(Stored data)
========

(* Let $a<0$, $b>0$, $c\in(0,1)$, $d>0$, and set $\pi_0=bd(1-c)^a/(1+bd(1-c)^a)$. (i) If $Z\sim\mathrm{NB}(\pi_0,1/d)$ and $W_1,W_2,\dots$ are i.i.d. $\mathrm{NB}(c,-a)$ independent of $Z$, then $\sum_{i=1}^Z W_i\sim\mathrm{TDL}(a,b,c,d)$. (ii) If $Z\sim\mathrm{NB}(\pi_0,1/d)$ and, conditionally on $Z$, $X\sim\mathrm{NB}(c,-aZ)$ (point mass at $0$ when $Z=0$), then $X\sim\mathrm{TDL}(a,b,c,d)$. (iii) Let $G_1$ be Gamma with Laplace transform $(1+bd(1-c)^a t)^{-1/d}$; conditionally on $G_1$ let $N$ be Poisson with mean $G_1$; conditionally on $(G_1,N)$ let $G_2$ be Gamma with scale $c/(1-c)$ and shape $-aN$ (Laplace transform $(1+ct/(1-c))^{aN}$, point mass at $0$ if $N=0$); conditionally on $(G_1,N,G_2)$ let $X$ be Poisson with mean $G_2$. Then $X\sim\mathrm{TDL}(a,b,c,d)$.
   Context: $\mathrm{NB}(\pi,\delta)$, $\pi\in(0,1)$, $\delta>0$: law on $\mathbb{N}$ with pgf $((1-\pi)/(1-\pi s))^\delta$. $\mathrm{TDL}(a,b,c,d)$: law on $\mathbb{N}$ with pgf $\big(1+\operatorname{sgn}(a)\,b\,d\,((1-cs)^a-(1-c)^a)\big)^{-1/d}$, $s\in[0,1]$, where $\operatorname{sgn}$ is the sign function (so $\operatorname{sgn}(a)=-1$ here). An empty sum equals $0$. *)

theory Defs
  imports "HOL-Probability.Probability"
begin

definition pgf :: "nat measure \<Rightarrow> real \<Rightarrow> real" where
  "pgf L s = (\<integral>k. s ^ k \<partial>L)"

definition law_with_pgf :: "nat measure \<Rightarrow> (real \<Rightarrow> real) \<Rightarrow> bool" where
  "law_with_pgf L G \<longleftrightarrow> prob_space L \<and> sets L = sets (count_space UNIV) \<and>
     (\<forall>s\<in>{0..1}. pgf L s = G s)"

definition nb_pgf :: "real \<Rightarrow> real \<Rightarrow> real \<Rightarrow> real" where
  "nb_pgf p \<delta> s = ((1 - p) / (1 - p * s)) powr \<delta>"

definition tdl_pgf :: "real \<Rightarrow> real \<Rightarrow> real \<Rightarrow> real \<Rightarrow> real \<Rightarrow> real" where
  "tdl_pgf a b c d s =
     (1 + sgn a * b * d * ((1 - c * s) powr a - (1 - c) powr a)) powr (- 1 / d)"

definition is_NB :: "nat measure \<Rightarrow> real \<Rightarrow> real \<Rightarrow> bool" where
  "is_NB L p \<delta> \<longleftrightarrow> law_with_pgf L (nb_pgf p \<delta>)"

definition is_TDL :: "nat measure \<Rightarrow> real \<Rightarrow> real \<Rightarrow> real \<Rightarrow> real \<Rightarrow> bool" where
  "is_TDL L a b c d \<longleftrightarrow> law_with_pgf L (tdl_pgf a b c d)"

text \<open>Poisson law with mean mu >= 0 (point mass at 0 when mu = 0).\<close>
definition poisson_law :: "real \<Rightarrow> nat measure" where
  "poisson_law \<mu> = density (count_space UNIV) (\<lambda>k. ennreal (\<mu> ^ k / fact k * exp (- \<mu>)))"

text \<open>Gamma law with shape k and scale theta (point mass at 0 when k = 0);
  its Laplace transform is (1 + theta t) powr (-k).\<close>
definition gamma_law :: "real \<Rightarrow> real \<Rightarrow> real measure" where
  "gamma_law k \<theta> = (if k = 0 then return borel 0 else
     density lborel (\<lambda>x. ennreal (if 0 < x then
        x powr (k - 1) * exp (- x / \<theta>) / (Gamma k * \<theta> powr k) else 0)))"

end

theory Submission
  imports Defs
begin

text \<open>
  Each of the three laws is a compound law: conditionally on a count \<open>N\<close> the variable has
  generating function \<open>h(s)\<^sup>N\<close>, where \<open>h\<close> is the NB\<open>(c,-a)\<close> generating function, so its generating
  function is \<open>G(h(s))\<close> with \<open>G\<close> the generating function of \<open>N\<close>. In (i) this comes from
  independence, in (ii) it is the hypothesis, and in (iii) it holds because a Gamma-mixed Poisson
  law is negative binomial, which makes both the inner stage NB\<open>(c,-aN)\<close> and the count \<open>N\<close>
  NB\<open>(\<pi>\<^sub>0,1/d)\<close>. Substituting \<open>h\<close> into the NB\<open>(\<pi>\<^sub>0,1/d)\<close> generating function gives exactly
  the TDL generating function.
\<close>

section \<open>Probability generating functions\<close>

lemma nn_integral_power_eq_pgf:
  assumes L: "prob_space L" "sets L = sets (count_space UNIV)" and s: "0 \<le> s" "s \<le> 1"
  shows "(\<integral>\<^sup>+k. ennreal (s ^ k) \<partial>L) = ennreal (pgf L s)"
proof -
  interpret prob_space L by (rule L(1))
  have "(\<lambda>k. s ^ k) \<in> borel_measurable L"
    by (subst measurable_cong_sets[OF L(2) refl]) simp
  have "integrable L (\<lambda>k. s ^ k)"
    by (rule integrable_const_bound[where B=1])
      (use s \<open>(\<lambda>k. s ^ k) \<in> borel_measurable L\<close> in \<open>auto simp: power_le_one\<close>)
  then show ?thesis
    unfolding pgf_def using s by (intro nn_integral_eq_integral) auto
qed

========

:: WHAT TO PRODUCE ::
For the string "longleftrightarrow", filter the data and copy out each line where it occurs.

:: SOLUTION ::
  "law_with_pgf L G \<longleftrightarrow> prob_space L \<and> sets L = sets (count_space UNIV) \<and>
  "is_NB L p \<delta> \<longleftrightarrow> law_with_pgf L (nb_pgf p \<delta>)"
  "is_TDL L a b c d \<longleftrightarrow> law_with_pgf L (tdl_pgf a b c d)"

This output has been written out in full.